[Collection entries]

theorem lemma5p1:
  shows "\<exists>C1 C2 :: real. C1 > 0 \<and> C2 > 0 \<and>
    (\<forall>(\<Lambda>::real) (\<xi>::complex^'n) (\<eta>::complex).
       \<Lambda> > 0 \<and> 4 * real CARD('n) * \<Lambda> \<le> 1 \<and>
       0 < Re \<eta> \<and> Re \<eta> < \<Lambda> \<and>
       norm (imvec \<xi>) < C1 * sqrt (Re \<eta> / \<Lambda>) \<longrightarrow>
       \<Lambda> * max ((norm (evec \<xi>))\<^sup>2) ((norm (evec (cnjvec \<xi>)))\<^sup>2)
         \<le> (1 + C2 * (norm (imvec \<xi>))\<^sup>2 / (Re \<eta> / \<Lambda>)) *
            cmod (exp \<eta> - 1 + complex_of_real \<Lambda> * cinner (evec (cnjvec \<xi>)) (evec \<xi>)))"
proof (rule exI[of _ "1/8"], rule exI[of _ 64], intro conjI allI impI)
  fix \<Lambda> :: real and \<xi> :: "complex ^ 'n" and \<eta> :: complex
  assume H: "\<Lambda> > 0 \<and> 4 * real CARD('n) * \<Lambda> \<le> 1 \<and> 0 < Re \<eta> \<and> Re \<eta> < \<Lambda> \<and>
             norm (imvec \<xi>) < 1/8 * sqrt (Re \<eta> / \<Lambda>)"
  then have "0 \<le> Re \<eta> / \<Lambda>" by simp
  have "(norm (imvec \<xi>))\<^sup>2 \<le> (1/8 * sqrt (Re \<eta> / \<Lambda>))\<^sup>2"
    using H by (intro power_mono) auto
  also have "\<dots> = Re \<eta> / \<Lambda> / 64"
    unfolding power_mult_distrib real_sqrt_pow2[OF \<open>0 \<le> Re \<eta> / \<Lambda>\<close>]
    by (simp add: power2_eq_square)
  finally have "64 * \<Lambda> * (norm (imvec \<xi>))\<^sup>2 \<le> Re \<eta>"
    using H by (simp add: field_simps)
  then show "\<Lambda> * max ((norm (evec \<xi>))\<^sup>2) ((norm (evec (cnjvec \<xi>)))\<^sup>2)
      \<le> (1 + 64 * (norm (imvec \<xi>))\<^sup>2 / (Re \<eta> / \<Lambda>)) *
         cmod (exp \<eta> - 1 + complex_of_real \<Lambda> * cinner (evec (cnjvec \<xi>)) (evec \<xi>))"
    using evec_cinner_estimate[of \<Lambda> \<eta> \<xi>] H by (simp add: field_simps)
qed simp_all

end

◆ **Exercise brief**:
Your answer should consist solely of the lines above from the line with "norm (imvec \<xi>) < 1/8" to the line with "64 * (norm (imvec", both included, reproduced exactly.

◆ **Solution for this problem**:
             norm (imvec \<xi>) < 1/8 * sqrt (Re \<eta> / \<Lambda>)"
  then have "0 \<le> Re \<eta> / \<Lambda>" by simp
  have "(norm (imvec \<xi>))\<^sup>2 \<le> (1/8 * sqrt (Re \<eta> / \<Lambda>))\<^sup>2"
    using H by (intro power_mono) auto
  also have "\<dots> = Re \<eta> / \<Lambda> / 64"
    unfolding power_mult_distrib real_sqrt_pow2[OF \<open>0 \<le> Re \<eta> / \<Lambda>\<close>]
    by (simp add: power2_eq_square)
  finally have "64 * \<Lambda> * (norm (imvec \<xi>))\<^sup>2 \<le> Re \<eta>"
    using H by (simp add: field_simps)
  then show "\<Lambda> * max ((norm (evec \<xi>))\<^sup>2) ((norm (evec (cnjvec \<xi>)))\<^sup>2)
      \<le> (1 + 64 * (norm (imvec \<xi>))\<^sup>2 / (Re \<eta> / \<Lambda>)) *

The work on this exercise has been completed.